Any journey to the Polish border at that time was exceedingly dangerous. One day young Zedtwitz’s passengers were Rudolf Keller, editor in chief of the Prager Tagblatt, and Holosch of the Prager Mittag. They had driven only a short way eastward when the first incident occurred. Zedtwitz knew the Germans had set up checkpoints all around Prague, and yet, taking a corner at high speed, he drove straight into one. He barely had time to instruct his passengers: “Don’t open your mouths. I’ll do the talking.” Thereupon, pretending that this was a routine check by traffic police, he jumped out, opened the hood, intent on distracting the German soldier, and pointed at the serial number of his engine. “When I saw the German soldier’s face,” Zedtwitz reports, “I felt sick. He had the look of a hardened criminal. But luckily he was slow on the uptake and my behavior threw him off. All he could think of saying, or rather snarling, was, ‘Are you carrying a Browning?’ “ Zedtwitz snapped back in his best Prussian manner that he had no need of one. No further questions were asked.

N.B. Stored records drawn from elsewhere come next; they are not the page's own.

(* Let $\alpha,\beta>0$, let $g(n)=\sum_{i=0}^k c_in^i$ be a polynomial of degree $k\ge1$ (so $c_k\ne0$), and let $x$ be a sequence (with given $x(1)$) satisfying \[x(n)=\alpha\,x(\lfloor n/2\rfloor)+\beta\,x(\lceil n/2\rceil)+g(n)\qquad(n\ge2).\] Let $d_0\coloneqq(1-\beta)x(1)-g(1)+g(0)$ and $d_1\coloneqq g(1)-(1-\beta)x(1)$. Then, as $n\to\infty$, with suitable $1$-periodic continuous functions $\Phi$ and $\Psi$: (1a) If $\alpha+\beta>2^k$ and $2^k>\max\{\alpha,\beta\}$, then $x(n)=n^{\log_2(\alpha+\beta)}\Phi(\{\log_2n\})+n^k\Psi(\{\log_2n\})+O(n^{\log_2\max\{\alpha,\beta\}})$. (1b) If $\alpha+\beta>2^k$ and $\max\{\alpha,\beta\}\ge2^k$, then $x(n)=n^{\log_2(\alpha+\beta)}\Phi(\{\log_2n\})+O\big(n^{\log_2\max\{\alpha,\beta\}}(\log n)^{[\max\{\alpha,\beta\}=2^k]}\big)$. (2) If $\alpha+\beta=2^k$, then for every $\varepsilon>0$, $x(n)=n^k(\log n)\Phi(\{\log_2n\})+n^k\Psi(\{\log_2n\})+O\big(n^{\log_2\max\{\alpha,\beta\}+[\alpha=\beta]\varepsilon}\big)$. (3) If $2^k>\alpha+\beta>2^{k-1}$, then for every $\varepsilon>0$, $x(n)=n^k\Phi(\{\log_2n\})+n^{\log_2(\alpha+\beta)}\Psi(\{\log_2n\})+O\big(n^{\log_2\max\{\alpha,\beta,2^{k-1}\}+[\max\{\alpha,\beta\}=2^{k-1}]\varepsilon}(\log n)^{[\max\{\alpha,\beta\}<2^{k-1}]}\big)$. (4) If $2^{k-1}\ge\alpha+\beta$, then $x(n)=n^k\Phi(\{\log_2n\})+O(n^{k-1}(\log n)^E)$, where $E\coloneqq1+[\alpha+\beta=2^{k-1}]\big([k\ge2\text{ and }c_{k-1}\ne0]+[k=1\text{ and }d_0+d_1\ne0]\big)$.
   Context: $\{z\}=z-\lfloor z\rfloor$ denotes the fractional part of a real number $z$. Iverson's bracket: $[S]=1$ if the statement $S$ is true and $0$ otherwise. The values $g(0),g(1)$ are the values of the polynomial $g$ (they do not enter the recurrence). *)

theory Defs
  imports "HOL-Analysis.Analysis" "HOL-Computational_Algebra.Polynomial"
    "HOL-Library.Landau_Symbols"
begin

definition iverson :: "bool \<Rightarrow> 'a::{zero,one}" where
  "iverson S = (if S then 1 else 0)"

definition periodic1_cont :: "(real \<Rightarrow> real) \<Rightarrow> bool" where
  "periodic1_cont \<Phi> \<longleftrightarrow> continuous_on UNIV \<Phi> \<and> (\<forall>t. \<Phi> (t + 1) = \<Phi> t)"

end

theory Submission
  imports Defs
begin

text \<open>
  Write \<open>s = \<alpha> + \<beta>\<close>. Solving \<open>P(2y) = s P(y) + g(2y)\<close> monomial by monomial gives
  an explicit particular solution \<open>P\<close>, with a factor \<open>log y\<close> at a resonance \<open>2^i = s\<close>.
  The remainder \<open>z = x - P\<close> then satisfies \<open>z(2m) = s z(m)\<close> exactly and
  \<open>z(2m+1) = \<alpha> z(m) + \<beta> z(m+1) + h(m)\<close>, where the defect \<open>h\<close> is small because \<open>P\<close>
  is smooth. If \<open>h\<close> grows more slowly than \<open>n^(log\<^sub>2 s)\<close>, the increments of \<open>z\<close> are
  \<open>O(n^r)\<close> with \<open>2^r < s\<close>, so the rescaled values \<open>z\<lfloor>y 2^j\<rfloor> / s^j\<close> converge to a
  continuous \<open>A\<close> with \<open>A(2y) = s A(y)\<close> and \<open>A(n) = z(n)\<close>; hence
  \<open>z(n) = n^(log\<^sub>2 s) \<Phi>({log\<^sub>2 n})\<close> exactly. Otherwise a halving recurrence bounds
  \<open>z(n) = O(n^(k-1) log n)\<close>. Each regime of the theorem is then read off from the
  dominant monomials of \<open>P\<close>.
\<close>

lemma halving_recurrence_bound:
  fixes f :: "nat \<Rightarrow> real" and a C r :: real
  assumes a: "0 \<le> a" "a < 2 powr r" and C: "0 \<le> C" and r: "0 \<le> r"
    and rec: "\<And>n. 2 \<le> n \<Longrightarrow> \<bar>f n\<bar> \<le> a * \<bar>f (n div 2)\<bar> + C * real n powr r"
  shows "\<exists>K. \<forall>n\<ge>1. \<bar>f n\<bar> \<le> K * real n powr r"
proof -
  define \<rho> where "\<rho> = a / 2 powr r"
  have \<rho>: "0 \<le> \<rho>" "\<rho> < 1" using a unfolding \<rho>_def by auto
  define K where "K = max \<bar>f 1\<bar> (C / (1 - \<rho>))"
  have K: "0 \<le> K" "K * \<rho> + C \<le> K"
  proof -
    have "C = C / (1 - \<rho>) * (1 - \<rho>)" using \<rho> by simp
    also have "\<dots> \<le> K * (1 - \<rho>)" unfolding K_def by (rule mult_right_mono) (use \<rho> in auto)
    finally show "K * \<rho> + C \<le> K" by (simp add: algebra_simps)
  qed (simp add: K_def)
  have "\<bar>f n\<bar> \<le> K * real n powr r" if "1 \<le> n" for n
    using that
  proof (induction n rule: less_induct)
    case (less n)
    show ?case
    proof (cases "n = 1")
      case False
      then have n: "2 \<le> n" using less.prems by simp
      have "real (n div 2) powr r \<le> (real n / 2) powr r"
        using n r by (intro powr_mono2) linarith+
      also have "\<dots> = real n powr r / 2 powr r" by (simp add: powr_divide)
      finally have half: "a * (K * real (n div 2) powr r) \<le> K * \<rho> * real n powr r"
        using a K unfolding \<rho>_def by (auto intro: mult_left_mono simp: field_simps)
      have "\<bar>f (n div 2)\<bar> \<le> K * real (n div 2) powr r"
        using less.IH[of "n div 2"] n by simp
      then have "\<bar>f n\<bar> \<le> a * (K * real (n div 2) powr r) + C * real n powr r"
        using rec[OF n] a(1) by (meson add_right_mono mult_left_mono order.trans)
      also have "\<dots> \<le> (K * \<rho> + C) * real n powr r" using half by (simp add: algebra_simps)
      also have "\<dots> \<le> K * real n powr r" using K by (intro mult_right_mono) auto
      finally show ?thesis .
    qed (simp add: K_def)
  qed
  then show ?thesis by blast
qed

They drove on. To avoid further checkpoints, they took back roads. All went well for a while. Then in Moravia it began to snow, and before long they got stuck in a snowdrift. At this point Holosch gave up; he somehow made his way to the nearest railroad station and returned to Prague. Rudolf Keller and Zedtwitz went on. They had an appointment to meet a guide in a certain village, but because of their delay he had already gone when they got there. Night was falling. Zedtwitz drove to a place where he hoped to find another guide. Leaving the car on the road, he crept up to the house and knocked. A frightened old woman opened. “Take care,” she whispered. “The man you are looking for has been arrested for smuggling people across the border.” Zedtwitz hurried away. In the beam of his headlights he saw Keller standing in the road with a policeman. Mastering his fear, he joined them with a friendly “Good evening.” The policeman turned to him and growled, “Papers!” To gain time, Zedtwitz took out an impressive sheaf of identification papers. But the law wasn’t satisfied. “What about his papers?” “Don’t worry,” said Zedtwitz, “he’ll find something.” Slowly and deliberately Keller rummaged through his pockets. What he finally came up with was an Austrian certificate of citizenship issued in 1886. Keller was indeed sixty-eight years old. While the policeman was studying this document, Zedtwitz, fearing the worst, started improvising. “Good God, Uncle Rudi, how can you run around without papers at a time like this?” And then, to the policeman, in a confidential tone, “He’ll never change. He still thinks the Emperor Francis Joseph is on the throne.” Rudolf Keller caught on at once and played the role of a doddering old man to perfection. The policeman began to laugh. “All right. AH right. But where are you going at this time of night?” Zedtwitz made up a long story about having to visit some dairy farms and losing their way. After a few jokes about senior citizens who couldn’t keep up with the times, the policeman let them go.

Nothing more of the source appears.